Bulk Redirect Checker README.md

Introduction

The Bulk Redirect Checker is a comprehensive Python tool designed for URL redirect analysis. It offers detailed insights into redirect chains, canonical mismatches, and more.

Features

  • Diverse Redirect Detection: Identifies a range of redirects, including HTTP to HTTPS, WWW to Non-WWW, and several others.
  • Canonical URL Analysis: Detects and reports canonical mismatches in URLs.
  • Redirect Chain Mapping: Traces the complete redirect chain of a URL.
  • Checkpoint Functionality: Allows processing to be paused and resumed, preventing data loss.
  • Logging Capability: Maintains detailed logs for analysis and debugging.
  • Flowchart Visualization: (In conjunction with index.html) Presents a graphical representation of redirect chains.
  • Command Line Flexibility: Supports various command-line options for versatile operations.
  • Output Customization: Generates detailed CSV reports of redirect analysis.

Installation Instructions

  1. Clone the Repository:
    git clone [repository-url]
  2. Navigate to the Directory:
    cd path/to/bulkredirectchecker
  3. Install Dependencies:
    pip install -e .

Usage Guidelines

Basic Usage

Process a list of URLs from a CSV file and generate a CSV output file.
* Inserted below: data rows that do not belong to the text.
(* Let $X$ be a simplicial complex, $\sigma=\{v_0,v_1,v_2\}$ a 2-simplex of $X$, and $\Gamma=(v_0,v_1,v_2,v_0)$. If $E\to|X|$ is an $\epsilon$-flat bundle with $\epsilon\le1/\sqrt2$, then $\|T_\Gamma-\mathrm{id}\|\le 7\sqrt2\,\epsilon$.
   Context: Let $A$ be a unital C*-algebra and $V$ a finitely generated projective Hilbert $A$-module (isomorphic to $pA^k$ for a projection $p\in\mathcal L_A(A^k)$); $U(\mathcal L_A(V))$ is the unitary group of the adjointable operators on $V$, metrized by the operator norm. A Hilbert $A$-module bundle with fibre $V$ is a fibre bundle with fibre $V$ and structure group $U(\mathcal L_A(V))$. For a simplicial complex $X$ and a simplex $\sigma$ of dimension $n$ (vertices ordered), $j_\sigma\colon\Delta^n\to|X|$ is the affine embedding of the standard simplex $\Delta^n\subset\mathbb R^{n+1}$ and $|\sigma|=j_\sigma(\Delta^n)$, metrized so that $j_\sigma$ is a Euclidean isometry. A family of trivializations of $E\to|X|$ consists of maps $\Phi_\sigma\colon|\sigma|\times V\to E|_{|\sigma|}$, one for each simplex, with each $\Phi_\sigma(x,\cdot)$ an isomorphism of Hilbert $A$-modules; for $\rho\subset\sigma$ the transition function is $\Psi_{\rho\subset\sigma}(x)=\Phi_\rho(x,\cdot)^{-1}\Phi_\sigma(x,\cdot)$, $x\in|\rho|$. The family is $\epsilon$-flat if all $\Psi_{\rho\subset\sigma}$ are $\epsilon$-Lipschitz; an $\epsilon$-flat bundle is a bundle with an $\epsilon$-flat family of trivializations. For an edge $\{v_0,v_1\}=\tau$, $T_{(v_0,v_1)}=\Phi_\tau(v_1,\cdot)\Phi_\tau(v_0,\cdot)^{-1}\colon E_{v_0}\to E_{v_1}$; for a simplicial path $\Gamma=(v_0,\dots,v_k)$ (consecutive vertices span edges), $T_\Gamma=T_{(v_{k-1},v_k)}\cdots T_{(v_0,v_1)}$. Norms are operator norms. *)

theory Defs
  imports "HOL-Analysis.Analysis"
begin

text \<open>A unital C*-algebra is represented by a real unital Banach algebra type 'b
 together with a complex scalar multiplication cmul and an involution st
 satisfying the usual axioms and the C*-identity.  This plays the role of
 the algebra of adjointable operators on V, with its operator norm.\<close>

definition cstar_algebra ::
  "('b::{real_normed_algebra_1, banach} \<Rightarrow> 'b) \<Rightarrow> (complex \<Rightarrow> 'b \<Rightarrow> 'b) \<Rightarrow> bool" where
  "cstar_algebra st cmul \<longleftrightarrow>
     (\<forall>r a. cmul (complex_of_real r) a = r *\<^sub>R a) \<and>
     (\<forall>c d a. cmul (c + d) a = cmul c a + cmul d a) \<and>
     (\<forall>c a b. cmul c (a + b) = cmul c a + cmul c b) \<and>
     (\<forall>c d a. cmul (c * d) a = cmul c (cmul d a)) \<and>
     (\<forall>c a b. cmul c (a * b) = cmul c a * b) \<and>
     (\<forall>c a b. cmul c (a * b) = a * cmul c b) \<and>
     (\<forall>c a. norm (cmul c a) = cmod c * norm a) \<and>
     (\<forall>a. st (st a) = a) \<and>
     (\<forall>a b. st (a + b) = st a + st b) \<and>
     (\<forall>c a. st (cmul c a) = cmul (cnj c) (st a)) \<and>
     (\<forall>a b. st (a * b) = st b * st a) \<and>
     (\<forall>a. norm (st a * a) = (norm a)\<^sup>2)"

definition unitary :: "('b::real_normed_algebra_1 \<Rightarrow> 'b) \<Rightarrow> 'b \<Rightarrow> bool" where
  "unitary st u \<longleftrightarrow> st u * u = 1 \<and> u * st u = 1"

definition simplicial_complex :: "'a set set \<Rightarrow> bool" where
  "simplicial_complex X \<longleftrightarrow>
     (\<forall>\<sigma>\<in>X. finite \<sigma> \<and> \<sigma> \<noteq> {}) \<and>
     (\<forall>\<sigma>\<in>X. \<forall>\<rho>. \<rho> \<subseteq> \<sigma> \<and> \<rho> \<noteq> {} \<longrightarrow> \<rho> \<in> X)"

text \<open>Points of the geometric realisation are given by barycentric coordinates;
 the closed simplex |sigma| consists of those supported on sigma.\<close>

definition simplex_pts :: "'a set \<Rightarrow> ('a \<Rightarrow> real) set" where
  "simplex_pts \<sigma> = {x. (\<forall>v. 0 \<le> x v) \<and> (\<forall>v. v \<notin> \<sigma> \<longrightarrow> x v = 0) \<and> sum x \<sigma> = 1}"

text \<open>The metric on |sigma| making the affine embedding of the standard simplex
 (in R^(n+1)) a Euclidean isometry.\<close>

definition sdist :: "'a set \<Rightarrow> ('a \<Rightarrow> real) \<Rightarrow> ('a \<Rightarrow> real) \<Rightarrow> real" where
  "sdist \<sigma> x y = sqrt (\<Sum>v\<in>\<sigma>. (x v - y v)\<^sup>2)"

definition vtx :: "'a \<Rightarrow> ('a \<Rightarrow> real)" where
  "vtx v = (\<lambda>w. if w = v then 1 else 0)"

text \<open>A family of trivialisations Phi_sigma is recorded by g sigma x, the unitary
 Phi_sigma(x) expressed relative to a (pointwise) reference isomorphism V \<cong> E_x.\<close>

definition trivialization_family ::
  "('b::real_normed_algebra_1 \<Rightarrow> 'b) \<Rightarrow> 'a set set \<Rightarrow> ('a set \<Rightarrow> ('a \<Rightarrow> real) \<Rightarrow> 'b) \<Rightarrow> bool" where
  "trivialization_family st X g \<longleftrightarrow>
     (\<forall>\<sigma>\<in>X. \<forall>x\<in>simplex_pts \<sigma>. unitary st (g \<sigma> x))"

definition transition ::
  "('b::real_normed_algebra_1 \<Rightarrow> 'b) \<Rightarrow> ('a set \<Rightarrow> ('a \<Rightarrow> real) \<Rightarrow> 'b) \<Rightarrow> 'a set \<Rightarrow> 'a set \<Rightarrow> ('a \<Rightarrow> real) \<Rightarrow> 'b" where
  "transition st g \<rho> \<sigma> x = st (g \<rho> x) * g \<sigma> x"

definition eps_flat ::
  "('b::real_normed_algebra_1 \<Rightarrow> 'b) \<Rightarrow> 'a set set \<Rightarrow> ('a set \<Rightarrow> ('a \<Rightarrow> real) \<Rightarrow> 'b) \<Rightarrow> real \<Rightarrow> bool" where
  "eps_flat st X g \<epsilon> \<longleftrightarrow>
     (\<forall>\<rho>\<in>X. \<forall>\<sigma>\<in>X. \<rho> \<subseteq> \<sigma> \<longrightarrow>
        (\<forall>x\<in>simplex_pts \<rho>. \<forall>y\<in>simplex_pts \<rho>.
           norm (transition st g \<rho> \<sigma> x - transition st g \<rho> \<sigma> y) \<le> \<epsilon> * sdist \<rho> x y))"

definition edge_transport ::
  "('b::real_normed_algebra_1 \<Rightarrow> 'b) \<Rightarrow> ('a set \<Rightarrow> ('a \<Rightarrow> real) \<Rightarrow> 'b) \<Rightarrow> 'a \<Rightarrow> 'a \<Rightarrow> 'b" where
  "edge_transport st g a b = g {a, b} (vtx b) * st (g {a, b} (vtx a))"

fun path_transport ::
  "('b::real_normed_algebra_1 \<Rightarrow> 'b) \<Rightarrow> ('a set \<Rightarrow> ('a \<Rightarrow> real) \<Rightarrow> 'b) \<Rightarrow> 'a list \<Rightarrow> 'b" where
  "path_transport st g (a # b # rest) = path_transport st g (b # rest) * edge_transport st g a b"
| "path_transport st g _ = 1"

end

theory Submission
  imports Defs
begin

(* Read every edge transport of the triangle in the trivialisation of the 2-simplex
   sigma itself: T_(a,b) = Phi_sigma(b) D_ab Phi_sigma(a)^-1 with D_ab = Psi(b)^-1 Psi(a),
   where Psi = Psi_({a,b} <= sigma).  Flatness gives |Psi(b) - Psi(a)| <= sqrt 2 eps, hence
   |D_ab - 1| <= sqrt 2 eps.  Around the loop the inner factors Phi_sigma(v)^-1 Phi_sigma(v)
   cancel, so T_Gamma is conjugate to the product of three unitaries, each within sqrt 2 eps
   of the identity, and |T_Gamma - 1| <= 3 sqrt 2 eps. *)

lemma cstar_algebra_st_mult: "cstar_algebra st cmul \<Longrightarrow> st (a * b) = st b * st a"
  unfolding cstar_algebra_def by blast

lemma cstar_algebra_st_st: "cstar_algebra st cmul \<Longrightarrow> st (st a) = a"
  unfolding cstar_algebra_def by blast

lemma cstar_algebra_norm_st_mult_self: "cstar_algebra st cmul \<Longrightarrow> norm (st a * a) = (norm a)\<^sup>2"
  unfolding cstar_algebra_def by blast

lemma unitary_st: "cstar_algebra st cmul \<Longrightarrow> unitary st u \<Longrightarrow> unitary st (st u)"
  unfolding unitary_def using cstar_algebra_st_st by metis

lemma unitary_mult:
  assumes cs: "cstar_algebra st cmul" and "unitary st u" "unitary st v"
  shows "unitary st (u * v)"
proof -
  have "st (u * v) * (u * v) = st v * (st u * u) * v"
    and "(u * v) * st (u * v) = u * (v * st v) * st u"
    using cstar_algebra_st_mult[OF cs] by (simp_all add: mult.assoc)
  with assms(2,3) show ?thesis unfolding unitary_def by simp
qed

lemma norm_unitary:
  assumes "cstar_algebra st cmul" "unitary st u"
  shows "norm u = 1"
proof -
  have "(norm u)\<^sup>2 = 1"
    using cstar_algebra_norm_st_mult_self[OF assms(1), of u] assms(2) unfolding unitary_def by simp
  then show ?thesis using norm_ge_zero[of u] by (simp add: power2_eq_1_iff)
qed

lemma unitary_conj_cancel:
  assumes "unitary st v"
  shows "u * a * st v * (v * b * st w) = u * (a * b) * st w"
proof -
  have "u * a * st v * (v * b * st w) = u * (a * (st v * v) * b) * st w"
    by (simp add: mult.assoc)
  with assms show ?thesis unfolding unitary_def by simp
qed

lemma norm_unitary_conj_le:
  assumes cs: "cstar_algebra st cmul" and u: "unitary st u"
  shows "norm (u * a * st u) \<le> norm a"
proof -
  have "norm (u * a * st u) \<le> norm u * norm a * norm (st u)"
    by (rule order_trans[OF norm_mult_ineq mult_right_mono[OF norm_mult_ineq norm_ge_zero]])
  also have "\<dots> = norm a"
    using norm_unitary[OF cs u] norm_unitary[OF cs unitary_st[OF cs u]] by simp
  finally show ?thesis .
qed

lemma norm_st_mult_minus_one_le:
  assumes cs: "cstar_algebra st cmul" and p: "unitary st p"
  shows "norm (st p * q - 1) \<le> norm (p - q)"
proof -
  have "st p * q - 1 = st p * (q - p)"
    using p unfolding unitary_def by (simp add: algebra_simps)
  then have "norm (st p * q - 1) \<le> norm (st p) * norm (q - p)"
    by (metis norm_mult_ineq)
  also have "norm (st p) = 1"
    by (rule norm_unitary[OF cs unitary_st[OF cs p]])
  finally show ?thesis by (simp add: norm_minus_commute)
qed

lemma norm_mult_minus_one_le:
  fixes a b :: "'b::real_normed_algebra_1"
  assumes "norm b \<le> 1"
  shows "norm (a * b - 1) \<le> norm (a - 1) + norm (b - 1)"
proof -
  have "norm (a * b - 1) = norm ((a - 1) * b + (b - 1))"
    by (simp add: algebra_simps)
  also have "\<dots> \<le> norm (a - 1) * norm b + norm (b - 1)"
    by (rule order_trans[OF norm_triangle_ineq add_right_mono[OF norm_mult_ineq]])
  also have "\<dots> \<le> norm (a - 1) + norm (b - 1)"
    using mult_left_mono[OF assms norm_ge_zero[of "a - 1"]] by simp
  finally show ?thesis .
qed

lemma simplicial_complex_face:
  "simplicial_complex X \<Longrightarrow> \<sigma> \<in> X \<Longrightarrow> \<rho> \<subseteq> \<sigma> \<Longrightarrow> \<rho> \<noteq> {} \<Longrightarrow> \<rho> \<in> X"
  unfolding simplicial_complex_def by blast

lemma simplicial_complex_finite: "simplicial_complex X \<Longrightarrow> \<sigma> \<in> X \<Longrightarrow> finite \<sigma>"
  unfolding simplicial_complex_def by blast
bulkredirectchecker input_file.csv -o output_file.csv

Single URL Analysis

Analyze a single URL.

bulkredirectchecker -u [single-url-to-check]

Logging

Enable logging to record the process details.

bulkredirectchecker input_file.csv -o output_file.csv -l

Checkpointing

Use checkpointing to resume processing from the last processed URL.
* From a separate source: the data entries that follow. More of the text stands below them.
(* Let $\Delta$ be a simplicial complex on a finite vertex set $[m]$. If $\Delta$ is shifted (respectively, compressed), then so is $\mathrm{Inc}(\Delta)$.
   Context: $\mathbb{N}=\{1,2,3,\dots\}$, $[m]=\{1,\dots,m\}$. A simplicial complex on $[m]$ is a collection of subsets of $[m]$ closed under taking subsets. For $d\ge1$, $F_d(\Delta)$ is the set of faces of $\Delta$ with exactly $d$ elements, viewed in $\binom{\mathbb{N}}{d}$ (the $d$-subsets of $\mathbb{N}$, written $\mathbf{u}=(u_1,\dots,u_d)$ with $u_1<\cdots<u_d$). Squashed order: $\mathbf{u}<\mathbf{v}$ iff the largest element of the symmetric difference of $\mathbf u,\mathbf v$ lies in $\mathbf{v}$; a finite family in $\binom{\mathbb{N}}{d}$ is compressed if it consists of the smallest elements of $\binom{\mathbb{N}}{d}$ in this order. Borel order: $\mathbf{v}\le_B\mathbf{u}$ iff $v_i\le u_i$ for all $i$; a family is shifted if it contains every $\mathbf{v}\le_B\mathbf{u}$ for each of its members $\mathbf{u}$. $\Delta$ is shifted (resp. compressed) if $F_d(\Delta)$ is shifted (resp. compressed) for every $d\ge1$. $\mathrm{Inc}_1$ is the set of maps $\pi\colon\mathbb{N}\to\mathbb{N}$ with $\pi(j)<\pi(j+1)$ and $\pi(j)\le j+1$ for all $j$, acting by $\pi(\mathbf{u})=(\pi(u_1),\ldots,\pi(u_d))$; for $\mathcal{F}\subseteq\binom{\mathbb{N}}{d}$, $\mathrm{Inc}(\mathcal{F})=\{\pi(\mathbf{u})\mid\mathbf{u}\in\mathcal{F},\pi\in\mathrm{Inc}_1\}$, and $\mathrm{Inc}(\Delta)=\bigcup_{d\ge1}\mathrm{Inc}(F_d(\Delta))$ (together with the empty face), which is again a simplicial complex. *)

theory Defs
  imports Main
begin

definition Nsubsets :: "nat \<Rightarrow> nat set set" where
  "Nsubsets d = {u. finite u \<and> card u = d \<and> 0 \<notin> u}"

definition simplicial_complex :: "nat \<Rightarrow> nat set set \<Rightarrow> bool" where
  "simplicial_complex m \<Delta> \<longleftrightarrow>
     (\<forall>F\<in>\<Delta>. F \<subseteq> {1..m}) \<and> (\<forall>F\<in>\<Delta>. \<forall>G. G \<subseteq> F \<longrightarrow> G \<in> \<Delta>)"

definition faces :: "nat \<Rightarrow> nat set set \<Rightarrow> nat set set" where
  "faces d \<Delta> = {F \<in> \<Delta>. finite F \<and> card F = d}"

definition borel_le :: "nat set \<Rightarrow> nat set \<Rightarrow> bool" where
  "borel_le v u \<longleftrightarrow> card v = card u \<and>
     (\<forall>i<card u. sorted_list_of_set v ! i \<le> sorted_list_of_set u ! i)"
bulkredirectchecker input_file.csv --checkpoint

Detailed Feature Explanation

Checkpoint Functionality

The checkpoint feature is designed to save the progress of URL processing. It ensures that in case of an interruption, the tool can resume processing from the last saved state. This is particularly useful for large datasets where processing is time-consuming. The tool writes the state to a checkpoint.json file after processing each URL. When resumed, it skips URLs already processed, ensuring efficiency and saving time.

Command Line Arguments

  • input_file: Specifies the CSV file containing the list of URLs to process.
  • -o, --output_file: Determines the name of the output CSV file.
  • --checkpoint: Activates checkpointing functionality.
  • -u, --url: Specifies a single URL for analysis.
  • -l, --log: Enables logging of the process.

Redirect Chain Analysis

Each URL is analyzed for its complete redirect path. This includes detection of the redirect type, status code, and the final URL after all redirects. The tool categorizes redirects into types like HTTP to HTTPS, WWW to Non-WWW, etc.

Canonical URL Analysis

The tool checks the final URL of a redirect chain for canonical tags. It identifies any mismatches between the final URL and the canonical URL, highlighting potential SEO issues.

Output File Structure

The generated CSV file contains detailed information about each URL, including:

  • Redirect chain
  • Final URL
  • Status codes for each redirect
  • Canonical URL
  • Error messages (if any)

Flowchart Visualization

Using index.html, the tool visualizes the redirect chain as a flowchart. This provides an intuitive graphical representation of the redirect path, making it easier to understand complex redirect chains.

Contributing

Contributions to enhance the tool's functionality or to improve its efficiency are welcome.

License

This tool is available under the MIT License.